Tuesday, May 11, 2004

Howard Dean - Building Democracy in America


With the end of his presidential he is working on a harder task - building Democratic backbones.

Instead of the White House, his goal has become a wholesale redefinition of American politics through the grassroots movement he created: to transform the Democratic Party from "a party without backbone" into a real opposition to Republicans.

Already, he is backing candidates across a broad spectrum of lower-order political races for Congress and state offices. The idea is to organise to try to beat Republican incumbents wherever they are. It may not be easy to shift political trends to the left in a time of crisis and war, but Mr Dean believes it is essential and - thanks to the extremism of the Bush administration - possible.

When it comes to the war in Iraq, or the growing influence of Christian fundamentalism on public policy, or the mounting budget deficit exacerbated by targeted tax cuts for the wealthy, Mr Dean - in contrast to John Kerry, who beat him to the Democratic presidential nomination - does not believe there is room for compromise with the Bush White House, or any of the like-minded politicians he characterises as "right-wing wackos".

Instead, he believes, the Republicans need to be fought on their own turf, in places where ordinary working-class voters have been persuaded to vote Republican but may yet be open to the notion that they are betraying their own interests.

"You've got to show them the Republicans will never deliver jobs and education because they can't manage money," Mr Dean said. "You've got to talk about the enormous deficits. These are people ... who really struggle with money issues of their own and know they can't go into debt. So when they see the country go into debt, they worry about it."

He told a rally in Los Angeles a few days ago: "Don't be afraid to sign on to a race where you think the candidate can't win. We must make sure not one congressional seat goes unopposed ... Never again are we going to be able to treat politics as a dirty business we don't want anything to do with. It is dirty, but it's on our doorstep and we're going to have to deal with it."

Events in Iraq, he said, showed President Bush was "almost inept as well as untruthful". Specifically, he wants to put an end to the practice, perfected by President Bill Clinton, of "triangulation", trying to defang the Republicans by advocating policies only slightly at variance with theirs, and getting back to the old-fashioned to-and-fro of a two-party system.
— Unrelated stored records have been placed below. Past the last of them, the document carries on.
(* Let $R$ be a ring with a nice topology. If $R$ is Dedekind-finite and (von Neumann) regular, then $R$ is a full exchange ring.
   Context: $R$ is Dedekind-finite if $xy=1$ implies $yx=1$; regular means every $x$ satisfies $x=xyx$ for some $y$. A linear Hausdorff topology on $R$ is a ring topology with a basis $\mathfrak U$ of neighborhoods of $0$ consisting of left ideals, with $\bigcap_{U\in\mathfrak U}U=0$. A family $\{x_i\}_{i\in I}\subseteq R$ is summable to $r$ if for every $U\in\mathfrak U$ there is a finite $F'\subseteq I$ with $\sum_{i\in F}x_i-r\in U$ for all finite $F$ with $F'\subseteq F\subseteq I$ (write $\sum_{i\in I}x_i=r$; the family is then called summable). The topology is nice if it is linear, Hausdorff, and for every summable family $\{x_i\}_{i\in I}$ and every family $\{r_i\}_{i\in I}\subseteq R$ the family $\{r_ix_i\}_{i\in I}$ is summable. For a cardinal $\aleph$, $R$ is an $\aleph$-exchange ring if for every family $\{x_i\}_{i\in I}$ with $|I|\le\aleph$ summable to $1$ there exist pairwise orthogonal idempotents $e_i\in Rx_i$ forming a summable family with $\sum_{i\in I}e_i=1$; $R$ is a full exchange ring if it is an $\aleph$-exchange ring for every cardinal $\aleph$. *)

theory Defs
  imports Main
begin

definition left_ideal :: "'a::ring_1 set \<Rightarrow> bool" where
  "left_ideal L \<longleftrightarrow> 0 \<in> L \<and> (\<forall>a\<in>L. \<forall>b\<in>L. a - b \<in> L) \<and> (\<forall>r a. a \<in> L \<longrightarrow> r * a \<in> L)"

text \<open>U is a basis of neighbourhoods of 0 of a ring topology, consisting of left
  ideals (filter base; continuity of right multiplication by fixed elements;
  the other ring-topology axioms are automatic for left ideals), and Hausdorff.\<close>
definition linear_hausdorff :: "'a::ring_1 set set \<Rightarrow> bool" where
  "linear_hausdorff U \<longleftrightarrow>
     U \<noteq> {} \<and>
     (\<forall>V\<in>U. left_ideal V) \<and>
     (\<forall>V\<in>U. \<forall>W\<in>U. \<exists>Z\<in>U. Z \<subseteq> V \<inter> W) \<and>
     (\<forall>V\<in>U. \<forall>x. \<exists>W\<in>U. (\<lambda>w. w * x) ` W \<subseteq> V) \<and>
     \<Inter> U = {0}"

definition sums_to :: "'a::ring_1 set set \<Rightarrow> ('i \<Rightarrow> 'a) \<Rightarrow> 'i set \<Rightarrow> 'a \<Rightarrow> bool" where
  "sums_to U x I r \<longleftrightarrow>
     (\<forall>V\<in>U. \<exists>F'. finite F' \<and> F' \<subseteq> I \<and>
        (\<forall>F. finite F \<and> F' \<subseteq> F \<and> F \<subseteq> I \<longrightarrow> sum x F - r \<in> V))"

definition summable_fam :: "'a::ring_1 set set \<Rightarrow> ('i \<Rightarrow> 'a) \<Rightarrow> 'i set \<Rightarrow> bool" where
  "summable_fam U x I \<longleftrightarrow> (\<exists>r. sums_to U x I r)"

definition nice_idx :: "'a::ring_1 set set \<Rightarrow> 'i itself \<Rightarrow> bool" where
  "nice_idx U _ \<longleftrightarrow> linear_hausdorff U \<and>
     (\<forall>(I::'i set) x rs. summable_fam U x I \<longrightarrow> summable_fam U (\<lambda>i. rs i * x i) I)"

definition exchange_idx :: "'a::ring_1 set set \<Rightarrow> 'i itself \<Rightarrow> bool" where
  "exchange_idx U _ \<longleftrightarrow>
     (\<forall>(I::'i set) x. sums_to U x I 1 \<longrightarrow>
        (\<exists>e. (\<forall>i\<in>I. \<exists>r. e i = r * x i) \<and>
             (\<forall>i\<in>I. e i * e i = e i) \<and>
             (\<forall>i\<in>I. \<forall>j\<in>I. i \<noteq> j \<longrightarrow> e i * e j = 0) \<and>
             sums_to U e I 1))"

definition dedekind_finite :: "'a::ring_1 itself \<Rightarrow> bool" where
  "dedekind_finite _ \<longleftrightarrow> (\<forall>x y::'a. x * y = 1 \<longrightarrow> y * x = 1)"

definition vn_regular :: "'a::ring_1 itself \<Rightarrow> bool" where
  "vn_regular _ \<longleftrightarrow> (\<forall>x::'a. \<exists>y. x = x * y * x)"

end

theory Submission
  imports Defs
begin

(* Well-order the index set and build idempotents h_i \<in> R x_i by transfinite recursion, in the
  manner of Gram-Schmidt: if u is the sum of the earlier h_k and f = w u is an idempotent with
  R u = R f (regularity), then h_i is an idempotent with f h_i = 0 and x_i \<in> R f + R h_i.
  Principal left ideals R f are closed under convergent sums, being left annihilators of 1 - f.
  Hence h_i h_j = 0 for i < j, every h_k and then every x_i lies in R u for the total sum
  u = \<Sum> h_k, and so 1 = \<Sum> x_i \<in> R u. By Dedekind-finiteness the left inverse v of u is
  two-sided, and the e_i = v h_i are the required orthogonal idempotents. *)

lemma left_ideal_zero: "left_ideal L \<Longrightarrow> 0 \<in> L"
  and left_ideal_diff: "left_ideal L \<Longrightarrow> a \<in> L \<Longrightarrow> b \<in> L \<Longrightarrow> a - b \<in> L"
  and left_ideal_mult: "left_ideal L \<Longrightarrow> a \<in> L \<Longrightarrow> c * a \<in> L"
  by (simp_all add: left_ideal_def)

lemma left_ideal_add: "left_ideal L \<Longrightarrow> a \<in> L \<Longrightarrow> b \<in> L \<Longrightarrow> a + b \<in> L"
  using left_ideal_diff[of L a "0 - b"] left_ideal_diff[of L 0 b] left_ideal_zero[of L] by simp

definition principal_left_ideal :: "'a::ring_1 \<Rightarrow> 'a set" where
  "principal_left_ideal u = range (\<lambda>a. a * u)"

lemma principal_left_ideal_iff: "s \<in> principal_left_ideal u \<longleftrightarrow> (\<exists>a. s = a * u)"
  by (auto simp: principal_left_ideal_def)

lemma left_ideal_principal_left_ideal: "left_ideal (principal_left_ideal u)"
  unfolding left_ideal_def principal_left_ideal_def
proof (intro conjI ballI allI impI)
  show "0 \<in> range (\<lambda>a. a * u)" by (rule range_eqI[where x = 0]) simp
next
  fix s t assume "s \<in> range (\<lambda>a. a * u)" "t \<in> range (\<lambda>a. a * u)"
  then show "s - t \<in> range (\<lambda>a. a * u)" by (auto simp: left_diff_distrib[symmetric])
next
  fix c s assume "s \<in> range (\<lambda>a. a * u)"
  then show "c * s \<in> range (\<lambda>a. a * u)" by (auto simp: mult.assoc[symmetric])
qed

lemma principal_left_ideal_trans:
  "a \<in> principal_left_ideal b \<Longrightarrow> b \<in> principal_left_ideal c \<Longrightarrow> a \<in> principal_left_ideal c"
  unfolding principal_left_ideal_iff by (metis mult.assoc)

definition regular_idem :: "'a::ring_1 \<Rightarrow> 'a" where
  "regular_idem u = (SOME w. u = u * w * u) * u"

lemma
  assumes "vn_regular TYPE('a::ring_1)"
  shows mult_regular_idem: "u * regular_idem u = u"
    and regular_idem_mem: "regular_idem u \<in> principal_left_ideal (u::'a)"
proof -
  have "\<exists>w. u = u * w * u"
    using assms unfolding vn_regular_def by blast
  then have "u = u * (SOME w. u = u * w * u) * u"
    by (rule someI_ex)
  then show "u * regular_idem u = u"
    by (simp add: regular_idem_def mult.assoc)
  show "regular_idem u \<in> principal_left_ideal u"
    by (auto simp: regular_idem_def principal_left_ideal_def)
qed

lemma principal_left_ideal_mult_regular_idem:
  assumes "vn_regular TYPE('a::ring_1)" and "(a::'a) \<in> principal_left_ideal u"
  shows "a * regular_idem u = a"
proof -
  obtain c where "a = c * u" using assms(2) by (auto simp: principal_left_ideal_iff)
  then show ?thesis using mult_regular_idem[OF assms(1)] by (simp add: mult.assoc)
qed

lemma regular_idem_idem:
  assumes "vn_regular TYPE('a::ring_1)"
  shows "regular_idem (u::'a) * regular_idem u = regular_idem u"
  using assms regular_idem_mem principal_left_ideal_mult_regular_idem by blast

lemma sums_to_eventually:
  "sums_to U x I r \<longleftrightarrow> (\<forall>V\<in>U. \<forall>\<^sub>F F in finite_subsets_at_top I. sum x F - r \<in> V)"
  by (simp add: sums_to_def eventually_finite_subsets_at_top)
(* Let $n\ge3$ and $\ell\in\{1,\dots,n-2\}$. Define $$K^\pm_\ell=\big(\Gamma_{\{\ell+1,\ell+2\}}\pm\Gamma_{[\ell+2]\setminus\{\ell+1\}}\big)\big(\Gamma_{[\ell+1]}\mp\tfrac12\big)-\big(\Gamma_{\{\ell+2\}}\pm\Gamma_{[\ell+2]}\big)\big(\Gamma_{[\ell]}\pm\Gamma_{\{\ell+1\}}\big).$$ Then $[K^\pm_\ell,\Gamma_{[j]}]=0$ for all $j\in[n]$ with $j\ne\ell+1$, and $\{K^\pm_\ell,\Gamma_{[\ell+1]}\}=\pm K^\pm_\ell$.
   Context: Fix $n\ge1$ and real parameters $\mu_1,\dots,\mu_n>0$; write $[\ell]=\{1,\dots,\ell\}$. For $i\in[n]$, $r_i$ is the reflection $(r_if)(x)=f(x_1,\dots,-x_i,\dots,x_n)$ and $T_i=\partial_{x_i}+\frac{\mu_i}{x_i}(1-r_i)$. $\mathcal{C}\ell_n$ is generated by $e_1,\dots,e_n$ with $e_ie_j+e_je_i=-2\delta_{ij}$, $V$ is a fixed left $\mathcal{C}\ell_n$-module, and operators act on $\mathcal{P}(\mathbb{R}^n)\otimes V$ with $x_i,T_i,r_i$ acting on the polynomial factor and $e_i$ on $V$. For $A\subseteq[n]$: $\underline{D}_A=\sum_{i\in A}e_iT_i$, $\underline{x}_A=\sum_{i\in A}e_ix_i$, $\underline{S}_A=\frac12([\underline{x}_A,\underline{D}_A]-1)$, $\Gamma_A=\underline{S}_A\prod_{i\in A}r_i$ (empty sums $0$, empty products $1$); note $\Gamma_{\{k\}}=\mu_k$. $\{X,Y\}=XY+YX$. *)

theory Defs
  imports Complex_Main
begin

text \<open>
  A polynomial with values in V is encoded by its coefficient map:
  a function c from multi-indices (alpha :: nat => nat, variable x_i corresponds to index i,
  i in {1..n}) to V, representing sum_alpha x^alpha (x) c(alpha).  The space P(R^n) (x) V is
  the set of such maps with finite support and with alpha k = 0 for k outside {1..n}
  (see poly_space).
\<close>

type_synonym 'v pv = "(nat \<Rightarrow> nat) \<Rightarrow> 'v"
type_synonym 'v op = "'v pv \<Rightarrow> 'v pv"

definition poly_space :: "nat \<Rightarrow> ('v::real_vector) pv set" where
  "poly_space n = {f. finite {\<alpha>. f \<alpha> \<noteq> 0} \<and>
                      (\<forall>\<alpha>. f \<alpha> \<noteq> 0 \<longrightarrow> (\<forall>k. k \<notin> {1..n} \<longrightarrow> \<alpha> k = 0))}"

definition clifford_module :: "nat \<Rightarrow> (nat \<Rightarrow> 'v::real_vector \<Rightarrow> 'v) \<Rightarrow> bool" where
  "clifford_module n e \<longleftrightarrow> (\<forall>i\<in>{1..n}. linear (e i)) \<and>
     (\<forall>i\<in>{1..n}. \<forall>j\<in>{1..n}. \<forall>v. e i (e j v) + e j (e i v) = (if i = j then (-2) *\<^sub>R v else 0))"

definition op_plus :: "('v::real_vector) op \<Rightarrow> 'v op \<Rightarrow> 'v op" where
  "op_plus A B = (\<lambda>f \<alpha>. A f \<alpha> + B f \<alpha>)"
definition op_minus :: "('v::real_vector) op \<Rightarrow> 'v op \<Rightarrow> 'v op" where
  "op_minus A B = (\<lambda>f \<alpha>. A f \<alpha> - B f \<alpha>)"
definition op_scale :: "real \<Rightarrow> ('v::real_vector) op \<Rightarrow> 'v op" where
  "op_scale c A = (\<lambda>f \<alpha>. c *\<^sub>R A f \<alpha>)"
definition commutator :: "('v::real_vector) op \<Rightarrow> 'v op \<Rightarrow> 'v op" where
  "commutator A B = op_minus (A \<circ> B) (B \<circ> A)"
definition anticommutator :: "('v::real_vector) op \<Rightarrow> 'v op \<Rightarrow> 'v op" where
  "anticommutator A B = op_plus (A \<circ> B) (B \<circ> A)"

text \<open>Multiplication by x_i, reflection r_i, partial derivative, and division by x_i
  (the latter is exact division on the image of 1 - r_i, where all coefficients with
  alpha_i = 0 vanish).\<close>
definition mulx :: "nat \<Rightarrow> ('v::real_vector) op" where
  "mulx i f \<alpha> = (if \<alpha> i = 0 then 0 else f (\<alpha>(i := \<alpha> i - 1)))"
definition refl :: "nat \<Rightarrow> ('v::real_vector) op" where
  "refl i f \<alpha> = ((-1) ^ (\<alpha> i)) *\<^sub>R f \<alpha>"
definition pderiv_op :: "nat \<Rightarrow> ('v::real_vector) op" where
  "pderiv_op i f \<alpha> = real (\<alpha> i + 1) *\<^sub>R f (\<alpha>(i := \<alpha> i + 1))"
definition divx :: "nat \<Rightarrow> ('v::real_vector) op" where
  "divx i f \<alpha> = f (\<alpha>(i := \<alpha> i + 1))"

definition dunkl :: "(nat \<Rightarrow> real) \<Rightarrow> nat \<Rightarrow> ('v::real_vector) op" where
  "dunkl \<mu> i = op_plus (pderiv_op i) (op_scale (\<mu> i) (divx i \<circ> op_minus id (refl i)))"

definition cliff :: "(nat \<Rightarrow> 'v \<Rightarrow> 'v) \<Rightarrow> nat \<Rightarrow> ('v::real_vector) op" where
  "cliff e i f \<alpha> = e i (f \<alpha>)"

definition dirac :: "(nat \<Rightarrow> real) \<Rightarrow> (nat \<Rightarrow> 'v \<Rightarrow> 'v) \<Rightarrow> nat set \<Rightarrow> ('v::real_vector) op" where
  "dirac \<mu> e A = (\<lambda>f \<alpha>. \<Sum>i\<in>A. (cliff e i \<circ> dunkl \<mu> i) f \<alpha>)"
"Our opposition party collapsed, in terms of their willingness to take on the government, and that is what my campaign is about, trying to get the Democrats to function as an opposition party," he said. "You can't take the power back unless you have some opposition. Take the Labour Party in Britain: Blair would be long gone if the Conservatives had a remote potential for leadership, or an attractive programme."

What he preaches is a pragmatic form of empowerment through political organisation. Voting, and getting others to vote, is just the start.

Progressive groups need to take over local Democratic party hierarchies and put up candidates for office, he told the Los Angeles audience, and the way to do that is to be better organised and more impassioned than anyone else. "We've got to keep this alive," he said. "Democracy can't be a spectator sport."